Task description =>
Reproduce the data exactly. Omit no record.

(Collected data entries)
>>>
lemma conf_phi_boundary_expansion:
  assumes "- sgn lam * b^2 + a^2 + (norm (zv - z0))^2 > 0"
  shows "(\<lambda>r. conf_phi d l lam a b z0 (exp (- r / l), zv)
            - (exp (- (d - 1) * r / (2 * l)) * phi_minus d l lam a b z0 zv
               + exp (- (d + 1) * r / (2 * l)) * (- l * (sqrt \<bar>lam\<bar> * a / b)
                   * phi_minus d l lam a b z0 zv powr ((d + 1) / (d - 1)))))
         \<in> o[at_top](\<lambda>r. exp (- (d + 1) * r / (2 * l)))"
proof -
  define K where "K = sol_scale d l lam b"
  define D where "D = - sgn lam * b^2 + a^2 + (norm (zv - z0))^2"
  define p where "p = (d - 1) / 2"
  define z where "z = (\<lambda>r::real. exp (- r / l))"
  have K: "K > 0" and D: "D > 0"
    using sol_scale_pos assms by (simp_all add: K_def D_def)
  have "filterlim z (at_right 0) at_top"
    unfolding z_def using l by real_asymp
  moreover have "- 2 * p * a / D = - (d - 1) * a / D"
    using D unfolding p_def by (simp add: field_simps)
  ultimately have "(\<lambda>r. (K * z r / ((z r)^2 + 2 * a * z r + D)) powr p
            - (z r powr p * (K / D) powr p + z r powr p * z r * (- (d - 1) * a / D * (K / D) powr p)))
         \<in> o[at_top](\<lambda>r. z r powr p * z r)"
    using powr_rational_expansion[OF K D, of z at_top a p] by simp
  moreover have "z r powr p = exp (- (d - 1) * r / (2 * l))"
    "z r powr p * z r = exp (- (d + 1) * r / (2 * l))" for r
    unfolding z_def p_def powr_def using l by (simp_all add: field_simps flip: exp_add)
  moreover have "conf_phi d l lam a b z0 (exp (- r / l), zv)
      = (K * z r / ((z r)^2 + 2 * a * z r + D)) powr p" for r
    unfolding conf_phi_def phi_rhs_def K_def D_def sol_scale_def z_def p_def
    by (simp add: power2_eq_square algebra_simps)
  moreover have "phi_minus d l lam a b z0 zv = (K / D) powr p"
    unfolding phi_minus_eq K_def D_def p_def ..
  ultimately show ?thesis
    unfolding phi_plus_eq[OF assms] D_def[symmetric] by simp
qed

lemma phi_minus_pos:
  assumes "- sgn lam * b^2 + a^2 + (norm (zv - z0))^2 > 0"
  shows "phi_minus d l lam a b z0 zv > 0"
  using sol_scale_pos assms unfolding phi_minus_eq by simp

end

theorem mainTheorem12:
  fixes l lam a b :: real and z0 :: "real ^ 'n"
  defines "d \<equiv> real CARD('n)"
  assumes "CARD('n) \<ge> 2" and "l > 0" and "lam \<noteq> 0" and "b > 0"
  shows
   "(\<forall>x \<in> sol_domain d l lam a b z0. \<forall>i \<in> Basis. \<forall>j \<in> Basis.
        (\<forall>\<kappa>. stressT (hyp_g l) (hyp_gi l) d \<kappa> (conf_phi d l lam a b z0) i j x = 0)
      \<and> ricci (hyp_g l) (hyp_gi l) i j x + d / l^2 * hyp_g l x i j = 0)
  \<and> (\<forall>x \<in> sol_domain d l lam a b z0.
        box (hyp_g l) (hyp_gi l) (conf_phi d l lam a b z0) x
        - (d - 1) / (4 * d) * scalar_curv (hyp_g l) (hyp_gi l) x * conf_phi d l lam a b z0 x
        - (d + 1) / (d - 1) * lam * conf_phi d l lam a b z0 x powr ((d + 3) / (d - 1)) = 0)
  \<and> (\<forall>zv :: real ^ 'n. - sgn lam * b^2 + a^2 + (norm (zv - z0))^2 > 0 \<longrightarrow>
       (let \<alpha> = sqrt \<bar>lam\<bar> * a / b;
            pm = phi_minus d l lam a b z0 zv;
            pp = - l * \<alpha> * pm powr ((d + 1) / (d - 1));
            pihat = - (1 / l) * pp;
            f = (\<lambda>p::real. - \<alpha> * (d - 1) / (2 * d) * p powr (2 * d / (d - 1)))
        in (\<lambda>r. conf_phi d l lam a b z0 (exp (- r / l), zv)
                 - (exp (- (d - 1) * r / (2 * l)) * pm
                    + exp (- (d + 1) * r / (2 * l)) * pp))
             \<in> o[at_top](\<lambda>r. exp (- (d + 1) * r / (2 * l)))
           \<and> pihat = \<alpha> * pm powr ((d + 1) / (d - 1))
           \<and> - pihat - deriv f pm = 0))"
proof -
  have d: "d > 1" and dim: "real DIM(real ^ 'n) = d"
    using assms(2) unfolding d_def by simp_all
  note sol = d assms(3-5)
  have ricci: "ricci (hyp_g l) (hyp_gi l) i j x + d / l^2 * hyp_g l x i j = 0"
    if "x \<in> sol_domain d l lam a b z0" "i \<in> Basis" "j \<in> Basis" for x i j
    using ricci_hyp[of x l i j] that assms(3) dim by (simp add: sol_domain_def)
  have mixed_bc: "deriv (\<lambda>p. - (sqrt \<bar>lam\<bar> * a / b) * (d - 1) / (2 * d) * p powr (2 * d / (d - 1)))
      (phi_minus d l lam a b z0 zv)
      = - (sqrt \<bar>lam\<bar> * a / b) * phi_minus d l lam a b z0 zv powr ((d + 1) / (d - 1))"
    if "- sgn lam * b^2 + a^2 + (norm (zv - z0))^2 > 0" for zv
    using deriv_powr_potential[OF d phi_minus_pos[OF sol that]] .
  show ?thesis
    unfolding Let_def
    using stressT_conf_phi[OF sol dim] ricci conf_phi_field_equation[OF sol dim]
      conf_phi_boundary_expansion[OF sol] mixed_bc assms(3)
    by auto
qed

end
<<<
Solution for this task =>
lemma conf_phi_boundary_expansion:
  assumes "- sgn lam * b^2 + a^2 + (norm (zv - z0))^2 > 0"
  shows "(\<lambda>r. conf_phi d l lam a b z0 (exp (- r / l), zv)
            - (exp (- (d - 1) * r / (2 * l)) * phi_minus d l lam a b z0 zv
               + exp (- (d + 1) * r / (2 * l)) * (- l * (sqrt \<bar>lam\<bar> * a / b)
                   * phi_minus d l lam a b z0 zv powr ((d + 1) / (d - 1)))))
         \<in> o[at_top](\<lambda>r. exp (- (d + 1) * r / (2 * l)))"
proof -
  define K where "K = sol_scale d l lam b"
  define D where "D = - sgn lam * b^2 + a^2 + (norm (zv - z0))^2"
  define p where "p = (d - 1) / 2"
  define z where "z = (\<lambda>r::real. exp (- r / l))"
  have K: "K > 0" and D: "D > 0"
    using sol_scale_pos assms by (simp_all add: K_def D_def)
  have "filterlim z (at_right 0) at_top"
    unfolding z_def using l by real_asymp
  moreover have "- 2 * p * a / D = - (d - 1) * a / D"
    using D unfolding p_def by (simp add: field_simps)
  ultimately have "(\<lambda>r. (K * z r / ((z r)^2 + 2 * a * z r + D)) powr p
            - (z r powr p * (K / D) powr p + z r powr p * z r * (- (d - 1) * a / D * (K / D) powr p)))
         \<in> o[at_top](\<lambda>r. z r powr p * z r)"
    using powr_rational_expansion[OF K D, of z at_top a p] by simp
  moreover have "z r powr p = exp (- (d - 1) * r / (2 * l))"
    "z r powr p * z r = exp (- (d + 1) * r / (2 * l))" for r
    unfolding z_def p_def powr_def using l by (simp_all add: field_simps flip: exp_add)
  moreover have "conf_phi d l lam a b z0 (exp (- r / l), zv)
      = (K * z r / ((z r)^2 + 2 * a * z r + D)) powr p" for r
    unfolding conf_phi_def phi_rhs_def K_def D_def sol_scale_def z_def p_def
    by (simp add: power2_eq_square algebra_simps)
  moreover have "phi_minus d l lam a b z0 zv = (K / D) powr p"
    unfolding phi_minus_eq K_def D_def p_def ..
  ultimately show ?thesis
    unfolding phi_plus_eq[OF assms] D_def[symmetric] by simp
qed

lemma phi_minus_pos:
  assumes "- sgn lam * b^2 + a^2 + (norm (zv - z0))^2 > 0"
  shows "phi_minus d l lam a b z0 zv > 0"
  using sol_scale_pos assms unfolding phi_minus_eq by simp

end

theorem mainTheorem12:
  fixes l lam a b :: real and z0 :: "real ^ 'n"
  defines "d \<equiv> real CARD('n)"
  assumes "CARD('n) \<ge> 2" and "l > 0" and "lam \<noteq> 0" and "b > 0"
  shows
   "(\<forall>x \<in> sol_domain d l lam a b z0. \<forall>i \<in> Basis. \<forall>j \<in> Basis.
        (\<forall>\<kappa>. stressT (hyp_g l) (hyp_gi l) d \<kappa> (conf_phi d l lam a b z0) i j x = 0)
      \<and> ricci (hyp_g l) (hyp_gi l) i j x + d / l^2 * hyp_g l x i j = 0)
  \<and> (\<forall>x \<in> sol_domain d l lam a b z0.
        box (hyp_g l) (hyp_gi l) (conf_phi d l lam a b z0) x
        - (d - 1) / (4 * d) * scalar_curv (hyp_g l) (hyp_gi l) x * conf_phi d l lam a b z0 x
        - (d + 1) / (d - 1) * lam * conf_phi d l lam a b z0 x powr ((d + 3) / (d - 1)) = 0)
  \<and> (\<forall>zv :: real ^ 'n. - sgn lam * b^2 + a^2 + (norm (zv - z0))^2 > 0 \<longrightarrow>
       (let \<alpha> = sqrt \<bar>lam\<bar> * a / b;
            pm = phi_minus d l lam a b z0 zv;
            pp = - l * \<alpha> * pm powr ((d + 1) / (d - 1));
            pihat = - (1 / l) * pp;
            f = (\<lambda>p::real. - \<alpha> * (d - 1) / (2 * d) * p powr (2 * d / (d - 1)))
        in (\<lambda>r. conf_phi d l lam a b z0 (exp (- r / l), zv)
                 - (exp (- (d - 1) * r / (2 * l)) * pm
                    + exp (- (d + 1) * r / (2 * l)) * pp))
             \<in> o[at_top](\<lambda>r. exp (- (d + 1) * r / (2 * l)))
           \<and> pihat = \<alpha> * pm powr ((d + 1) / (d - 1))
           \<and> - pihat - deriv f pm = 0))"
proof -
  have d: "d > 1" and dim: "real DIM(real ^ 'n) = d"
    using assms(2) unfolding d_def by simp_all
  note sol = d assms(3-5)
  have ricci: "ricci (hyp_g l) (hyp_gi l) i j x + d / l^2 * hyp_g l x i j = 0"
    if "x \<in> sol_domain d l lam a b z0" "i \<in> Basis" "j \<in> Basis" for x i j
    using ricci_hyp[of x l i j] that assms(3) dim by (simp add: sol_domain_def)
  have mixed_bc: "deriv (\<lambda>p. - (sqrt \<bar>lam\<bar> * a / b) * (d - 1) / (2 * d) * p powr (2 * d / (d - 1)))
      (phi_minus d l lam a b z0 zv)
      = - (sqrt \<bar>lam\<bar> * a / b) * phi_minus d l lam a b z0 zv powr ((d + 1) / (d - 1))"
    if "- sgn lam * b^2 + a^2 + (norm (zv - z0))^2 > 0" for zv
    using deriv_powr_potential[OF d phi_minus_pos[OF sol that]] .
  show ?thesis
    unfolding Let_def
    using stressT_conf_phi[OF sol dim] ricci conf_phi_field_equation[OF sol dim]
      conf_phi_boundary_expansion[OF sol] mixed_bc assms(3)
    by auto
qed

end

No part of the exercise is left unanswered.